> [REQUIRED ACTION]
From the records below, extract only the lines running from the line with "(E p))\<^sup>2) \<le>" to the line with "define r where", both lines included, reproducing them exactly.

> [DATA LISTING]
lemma residual_component_energy_le:
  assumes f: "f \<in> L2" and F: "finite F" "F \<subseteq> I" and G: "G \<subseteq> F \<times> UNIV"
    and Q: "\<And>t i a. t \<in> I \<Longrightarrow> Q t $ i $ coord a = L2_inner lborel (\<lambda>x. f x $ i) (E (t, a)) / c t"
  shows "L2_inner lborel (\<lambda>x. (f x - (\<Sum>k\<in>F. Q k *v U k x)) $ i) (\<lambda>x. (f x - (\<Sum>k\<in>F. Q k *v U k x)) $ i) \<le>
    L2_inner lborel (\<lambda>x. f x $ i) (\<lambda>x. f x $ i) - (\<Sum>p\<in>G. (L2_inner lborel (\<lambda>x. f x $ i) (E p))\<^sup>2)"
proof -
  have "Q t $ i $ coord a * c t = L2_inner lborel (\<lambda>x. f x $ i) (E (t, a))" if "t \<in> F" for t a
    using Q[of t] weight_pos[of t] that F(2) by auto
  then have "(f x - (\<Sum>k\<in>F. Q k *v U k x)) $ i =
      f x $ i - (\<Sum>p\<in>F \<times> UNIV. L2_inner lborel (\<lambda>x. f x $ i) (E p) * E p x)" for x
    unfolding vector_minus_component partial_sum_nth[OF F(2)] by (auto intro!: sum.cong)
  then have "L2_inner lborel (\<lambda>x. (f x - (\<Sum>k\<in>F. Q k *v U k x)) $ i) (\<lambda>x. (f x - (\<Sum>k\<in>F. Q k *v U k x)) $ i) =
      L2_inner lborel (\<lambda>x. f x $ i) (\<lambda>x. f x $ i) - (\<Sum>p\<in>F \<times> UNIV. (L2_inner lborel (\<lambda>x. f x $ i) (E p))\<^sup>2)"
    using Bessel_identity[where F = "F \<times> UNIV" and c = "\<lambda>p. L2_inner lborel (\<lambda>x. f x $ i) (E p)",
        OF orthonormal_E _ _ L2_component[OF f, of i]] F
    by auto
  moreover have "(\<Sum>p\<in>G. (L2_inner lborel (\<lambda>x. f x $ i) (E p))\<^sup>2) \<le>
      (\<Sum>p\<in>F \<times> UNIV. (L2_inner lborel (\<lambda>x. f x $ i) (E p))\<^sup>2)"
    using F(1) G by (intro sum_mono2) auto
  ultimately show ?thesis
    by simp
qed

lemma L2_expansion_exists:
  assumes f: "f \<in> L2"
    and Q: "\<And>t i a. t \<in> I \<Longrightarrow> Q t $ i $ coord a = L2_inner lborel (\<lambda>x. f x $ i) (E (t, a)) / c t"
  shows "L2_expansion f Q U I"
  unfolding L2_expansion_def
proof (intro allI impI)
  fix \<epsilon> :: real assume "\<epsilon> > 0"
  then have "\<epsilon>\<^sup>2 / 2 > 0"
    by simp
  have "\<exists>G. finite G \<and> G \<subseteq> I \<times> UNIV \<and>
      L2_inner lborel (\<lambda>x. f x $ i) (\<lambda>x. f x $ i) - \<epsilon>\<^sup>2 / 2 < (\<Sum>p\<in>G. (L2_inner lborel (\<lambda>x. f x $ i) (E p))\<^sup>2)"
    for i
    using \<open>\<epsilon>\<^sup>2 / 2 > 0\<close>
    by (rule parseval_system_approximation[OF parseval_E L2_component[OF f]]) blast
  then obtain G where G: "\<And>i. finite (G i) \<and> G i \<subseteq> I \<times> UNIV \<and>
      L2_inner lborel (\<lambda>x. f x $ i) (\<lambda>x. f x $ i) - \<epsilon>\<^sup>2 / 2 < (\<Sum>p\<in>G i. (L2_inner lborel (\<lambda>x. f x $ i) (E p))\<^sup>2)"
    using choice[of "\<lambda>i G. finite G \<and> G \<subseteq> I \<times> UNIV \<and>
      L2_inner lborel (\<lambda>x. f x $ i) (\<lambda>x. f x $ i) - \<epsilon>\<^sup>2 / 2 < (\<Sum>p\<in>G. (L2_inner lborel (\<lambda>x. f x $ i) (E p))\<^sup>2)"]
    by blast
  define F0 where "F0 = fst ` (G 1 \<union> G 2)"
  show "\<exists>F0. finite F0 \<and> F0 \<subseteq> I \<and> (\<forall>F. finite F \<and> F0 \<subseteq> F \<and> F \<subseteq> I \<longrightarrow>
      L2_norm (\<lambda>x. f x - (\<Sum>k\<in>F. Q k *v U k x)) < \<epsilon>)"
  proof (intro exI conjI allI impI)
    show "finite F0" "F0 \<subseteq> I"
      using G[of 1] G[of 2] by (auto simp: F0_def)
    fix F assume F: "finite F \<and> F0 \<subseteq> F \<and> F \<subseteq> I"
    define r where "r = (\<lambda>x. f x - (\<Sum>k\<in>F. Q k *v U k x))"
    have r: "r \<in> L2"
      unfolding r_def using F by (intro L2_diff f L2_partial_sum) auto
    have small: "L2_inner lborel (\<lambda>x. r x $ i) (\<lambda>x. r x $ i) < \<epsilon>\<^sup>2 / 2" for i
    proof -
      have "G i \<subseteq> F \<times> UNIV"
      proof
        fix p assume "p \<in> G i"
        then have "fst p \<in> F0"
          using exhaust_2[of i] unfolding F0_def by auto
        with F show "p \<in> F \<times> UNIV"
          by (cases p) auto
      qed
      then show ?thesis
        using G[of i] residual_component_energy_le[OF f _ _ _ Q, of F "G i" i] F by (simp add: r_def)
    qed
    have "(L2_norm r)\<^sup>2 < \<epsilon>\<^sup>2"
      using small[of 1] small[of 2] unfolding L2_norm_squared[OF r] by linarith
    then show "L2_norm (\<lambda>x. f x - (\<Sum>k\<in>F. Q k *v U k x)) < \<epsilon>"
      using L2_norm_less_iff_squared[OF \<open>\<epsilon> > 0\<close>, of r] unfolding r_def by blast
  qed
qed

lemma orthogonal_basis_L2: "orthogonal_basis L2 U I"
proof -
  have "\<exists>Q. L2_expansion f Q U I \<and> (\<forall>Q'. L2_expansion f Q' U I \<longrightarrow> (\<forall>k\<in>I. Q' k = Q k))"
    if f: "f \<in> L2" for f
  proof -
    define Q where "Q t = (\<chi> i j. L2_inner lborel (\<lambda>x. f x $ i) (E (t, j = 1)) / c t :: real^2^2)" for t
    have Q_coeff: "Q t $ i $ coord a = L2_inner lborel (\<lambda>x. f x $ i) (E (t, a)) / c t" for t i a
      by (simp add: Q_def coord_def)
    have "Q' t = Q t" if "L2_expansion f Q' U I" "t \<in> I" for Q' t
      unfolding vec_eq_iff
    proof (intro allI)
      fix i j :: 2
      show "Q' t $ i $ j = Q t $ i $ j"
        using L2_expansion_coefficient[OF f that, of i "j = 1"] Q_coeff[of t i "j = 1"] by simp
    qed
    with L2_expansion_exists[OF f Q_coeff] show ?thesis
      by blast
  qed
  then show ?thesis
    unfolding orthogonal_basis_def basis_of_def
    using orthogonal_family_U U_in_L2 by blast
qed

end

section \<open>Dyadic dilations and the one-dimensional wavelet system\<close>

definition dyadic :: "(real \<Rightarrow> real^2) \<Rightarrow> nat \<Rightarrow> int \<times> bool \<Rightarrow> real \<Rightarrow> real" where
  "dyadic u j q x = sqrt 2 ^ j * u (2 ^ j * x - of_int (fst q)) $ coord (snd q)"

definition wavelet_components ::
  "(real \<Rightarrow> real^2) \<Rightarrow> (real \<Rightarrow> real^2) \<Rightarrow> (int + nat \<times> int) \<times> bool \<Rightarrow> real \<Rightarrow> real" where
  "wavelet_components \<phi> \<psi> p x = wavelet_system \<phi> \<psi> (fst p) x $ coord (snd p)"

lemma wavelet_components_simps:
  "wavelet_components \<phi> \<psi> (Inl k, a) = dyadic \<phi> 0 (k, a)"
  "wavelet_components \<phi> \<psi> (Inr (j, k), a) = dyadic \<psi> j (k, a)"
  by (auto simp: fun_eq_iff wavelet_components_def wavelet_system_def dyadic_def)

lemma parseval_system_wavelet_components:
  "vector_wavelet \<phi> \<psi> \<Longrightarrow> parseval_system lborel (wavelet_components \<phi> \<psi>) UNIV"
  using parseval_system_components[of "wavelet_system \<phi> \<psi>" UNIV]
  by (simp add: vector_wavelet_def wavelet_components_def[abs_def])

lemma nn_integral_split_wavelet_index:
  fixes F :: "(int + nat \<times> int) \<times> bool \<Rightarrow> ennreal"
  shows "(\<integral>\<^sup>+p. F p \<partial>count_space UNIV) = (\<integral>\<^sup>+q. F (Inl (fst q), snd q) \<partial>count_space UNIV) +
    (\<integral>\<^sup>+i. (\<integral>\<^sup>+q. F (Inr (i, fst q), snd q) \<partial>count_space UNIV) \<partial>count_space UNIV)"
proof -
  have "(\<integral>\<^sup>+p. F p \<partial>count_space UNIV) = (\<integral>\<^sup>+w. (\<integral>\<^sup>+a. F (w, a) \<partial>count_space UNIV) \<partial>count_space UNIV)"
    by (rule nn_integral_count_space_prod)
  also have "\<dots> = (\<integral>\<^sup>+k. (\<integral>\<^sup>+a. F (Inl k, a) \<partial>count_space UNIV) \<partial>count_space UNIV) +
      (\<integral>\<^sup>+ik. (\<integral>\<^sup>+a. F (Inr ik, a) \<partial>count_space UNIV) \<partial>count_space UNIV)"
    by (rule nn_integral_count_space_sum_type)
  also have "(\<integral>\<^sup>+ik. (\<integral>\<^sup>+a. F (Inr ik, a) \<partial>count_space UNIV) \<partial>count_space UNIV) =
      (\<integral>\<^sup>+i. (\<integral>\<^sup>+k. (\<integral>\<^sup>+a. F (Inr (i, k), a) \<partial>count_space UNIV) \<partial>count_space UNIV) \<partial>count_space UNIV)"
    by (rule nn_integral_count_space_prod[where f = "\<lambda>ik. (\<integral>\<^sup>+a. F (Inr ik, a) \<partial>count_space UNIV)"])
  finally show ?thesis
    by (simp add: nn_integral_count_space_prod[of "\<lambda>q. F (Inl (fst q), snd q)"]
        nn_integral_count_space_prod[of "\<lambda>q. F (Inr (_, fst q), snd q)"])
qed

lemma sqrt_2_power_squared: "sqrt 2 ^ j * sqrt 2 ^ j = (2::real) ^ j"
  by (simp flip: power_mult_distrib)

lemma sqrt_2_power_cancel: "sqrt 2 ^ j * a * (sqrt 2 ^ j * b) / 2 ^ j = (a * b :: real)"
proof -
  have "sqrt 2 ^ j * a * (sqrt 2 ^ j * b) = (sqrt 2 ^ j * sqrt 2 ^ j) * (a * b)"
    by (simp only: mult_ac)
  also have "\<dots> = 2 ^ j * (a * b)"
    by (simp only: sqrt_2_power_squared)
  finally have eq: "sqrt 2 ^ j * a * (sqrt 2 ^ j * b) = 2 ^ j * (a * b)" .
  show ?thesis
    unfolding eq by simp
qed

lemma lborel_integral_dyadic_scale:
  fixes F :: "real \<Rightarrow> real"
  shows "(\<integral>x. F x \<partial>lborel) = (\<integral>x. F (x / 2 ^ j) / 2 ^ j \<partial>lborel)"
  using lborel_integral_real_affine[of "1 / 2 ^ j" F 0]
  by (simp add: divide_inverse mult.commute)

lemma square_integrable_affine:
  fixes g :: "real \<Rightarrow> real"
  assumes g: "square_integrable lborel g" and "c \<noteq> 0"
  shows "square_integrable lborel (\<lambda>x. r * g (t + c * x))"
proof -
  have [measurable]: "g \<in> borel_measurable lborel"
    using g by (simp add: square_integrable_def)
  have "integrable lborel (\<lambda>x. (g (t + c * x))\<^sup>2)"
    using lborel_integrable_real_affine[of "\<lambda>x. (g x)\<^sup>2" c t] g \<open>c \<noteq> 0\<close>
    by (simp add: square_integrable_def)
  then show ?thesis
    by (simp add: square_integrable_def power_mult_distrib)
qed

definition stretch :: "nat \<Rightarrow> (real \<Rightarrow> real) \<Rightarrow> real \<Rightarrow> real" where
  "stretch j g x = g (x / 2 ^ j) / sqrt 2 ^ j"

lemma square_integrable_stretch: "square_integrable lborel g \<Longrightarrow> square_integrable lborel (stretch j g)"
  using square_integrable_affine[of g "1 / 2 ^ j" "1 / sqrt 2 ^ j" 0]
  by (simp add: stretch_def[abs_def] divide_inverse mult.commute)

lemma L2_inner_stretch_dyadic:
  "L2_inner lborel g (dyadic v (j + d) q) = L2_inner lborel (stretch j g) (dyadic v d q)"
proof -
  have scale: "sqrt 2 ^ (j + d) / (2::real) ^ j = sqrt 2 ^ d / sqrt 2 ^ j"
    by (simp add: power_add flip: sqrt_2_power_squared)
  have "g (x / 2 ^ j) * dyadic v (j + d) q (x / 2 ^ j) / 2 ^ j = stretch j g x * dyadic v d q x" for x
  proof -
    have "(2::real) ^ (j + d) * (x / 2 ^ j) = 2 ^ d * x"
      by (simp add: power_add)
    then have "g (x / 2 ^ j) * dyadic v (j + d) q (x / 2 ^ j) / 2 ^ j =
        g (x / 2 ^ j) * v (2 ^ d * x - of_int (fst q)) $ coord (snd q) * (sqrt 2 ^ (j + d) / 2 ^ j)"
      by (simp add: dyadic_def)
    then show ?thesis
      unfolding scale by (simp add: dyadic_def stretch_def)
  qed
  then show ?thesis
    unfolding L2_inner_def by (subst lborel_integral_dyadic_scale[of _ j]) simp
qed

lemma L2_inner_stretch_self: "L2_inner lborel (stretch j g) (stretch j g) = L2_inner lborel g g"
proof -
  have "g (x / 2 ^ j) * g (x / 2 ^ j) / 2 ^ j = stretch j g x * stretch j g x" for x
    by (simp add: stretch_def flip: sqrt_2_power_squared)
  then show ?thesis
    unfolding L2_inner_def by (subst (2) lborel_integral_dyadic_scale[of _ j]) simp
qed

lemma stretch_dyadic: "stretch j (dyadic u j q) = dyadic u 0 q"
  by (simp add: fun_eq_iff stretch_def dyadic_def)

definition dyadic_energy :: "(real \<Rightarrow> real^2) \<Rightarrow> (real \<Rightarrow> real) \<Rightarrow> nat \<Rightarrow> ennreal" where
  "dyadic_energy u g j = (\<integral>\<^sup>+q. ennreal ((L2_inner lborel g (dyadic u j q))\<^sup>2) \<partial>count_space UNIV)"

locale parseval_wavelet =
  fixes \<phi> \<psi> :: "real \<Rightarrow> real^2"
  assumes parseval_components: "parseval_system lborel (wavelet_components \<phi> \<psi>) UNIV"
begin

lemma L2_inner_wavelet_components:
  "L2_inner lborel (wavelet_components \<phi> \<psi> p) (wavelet_components \<phi> \<psi> p') = (if p = p' then 1 else 0)"
  using parseval_components unfolding parseval_system_def orthonormal_system_def by blast

lemma square_integrable_wavelet_components: "square_integrable lborel (wavelet_components \<phi> \<psi> p)"
  using parseval_components unfolding parseval_system_def orthonormal_system_def by blast

lemma square_integrable_dyadic_scaling: "square_integrable lborel (dyadic \<phi> j q)"
proof -
  have "square_integrable lborel (dyadic \<phi> 0 (0, snd q))"
    using square_integrable_wavelet_components[of "(Inl 0, snd q)"] by (simp add: wavelet_components_simps)
  then have "square_integrable lborel
      (\<lambda>x. sqrt 2 ^ j * dyadic \<phi> 0 (0, snd q) (- of_int (fst q) + 2 ^ j * x))"
    by (rule square_integrable_affine) simp
  then show ?thesis
    by (simp add: dyadic_def[abs_def])
qed

lemma square_integrable_dyadic_wavelet: "square_integrable lborel (dyadic \<psi> j q)"
  using square_integrable_wavelet_components[of "(Inr (j, fst q), snd q)"]
  by (simp add: wavelet_components_simps)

> [EXPECTED ANSWER]
  moreover have "(\<Sum>p\<in>G. (L2_inner lborel (\<lambda>x. f x $ i) (E p))\<^sup>2) \<le>
      (\<Sum>p\<in>F \<times> UNIV. (L2_inner lborel (\<lambda>x. f x $ i) (E p))\<^sup>2)"
    using F(1) G by (intro sum_mono2) auto
  ultimately show ?thesis
    by simp
qed

lemma L2_expansion_exists:
  assumes f: "f \<in> L2"
    and Q: "\<And>t i a. t \<in> I \<Longrightarrow> Q t $ i $ coord a = L2_inner lborel (\<lambda>x. f x $ i) (E (t, a)) / c t"
  shows "L2_expansion f Q U I"
  unfolding L2_expansion_def
proof (intro allI impI)
  fix \<epsilon> :: real assume "\<epsilon> > 0"
  then have "\<epsilon>\<^sup>2 / 2 > 0"
    by simp
  have "\<exists>G. finite G \<and> G \<subseteq> I \<times> UNIV \<and>
      L2_inner lborel (\<lambda>x. f x $ i) (\<lambda>x. f x $ i) - \<epsilon>\<^sup>2 / 2 < (\<Sum>p\<in>G. (L2_inner lborel (\<lambda>x. f x $ i) (E p))\<^sup>2)"
    for i
    using \<open>\<epsilon>\<^sup>2 / 2 > 0\<close>
    by (rule parseval_system_approximation[OF parseval_E L2_component[OF f]]) blast
  then obtain G where G: "\<And>i. finite (G i) \<and> G i \<subseteq> I \<times> UNIV \<and>
      L2_inner lborel (\<lambda>x. f x $ i) (\<lambda>x. f x $ i) - \<epsilon>\<^sup>2 / 2 < (\<Sum>p\<in>G i. (L2_inner lborel (\<lambda>x. f x $ i) (E p))\<^sup>2)"
    using choice[of "\<lambda>i G. finite G \<and> G \<subseteq> I \<times> UNIV \<and>
      L2_inner lborel (\<lambda>x. f x $ i) (\<lambda>x. f x $ i) - \<epsilon>\<^sup>2 / 2 < (\<Sum>p\<in>G. (L2_inner lborel (\<lambda>x. f x $ i) (E p))\<^sup>2)"]
    by blast
  define F0 where "F0 = fst ` (G 1 \<union> G 2)"
  show "\<exists>F0. finite F0 \<and> F0 \<subseteq> I \<and> (\<forall>F. finite F \<and> F0 \<subseteq> F \<and> F \<subseteq> I \<longrightarrow>
      L2_norm (\<lambda>x. f x - (\<Sum>k\<in>F. Q k *v U k x)) < \<epsilon>)"
  proof (intro exI conjI allI impI)
    show "finite F0" "F0 \<subseteq> I"
      using G[of 1] G[of 2] by (auto simp: F0_def)
    fix F assume F: "finite F \<and> F0 \<subseteq> F \<and> F \<subseteq> I"
    define r where "r = (\<lambda>x. f x - (\<Sum>k\<in>F. Q k *v U k x))"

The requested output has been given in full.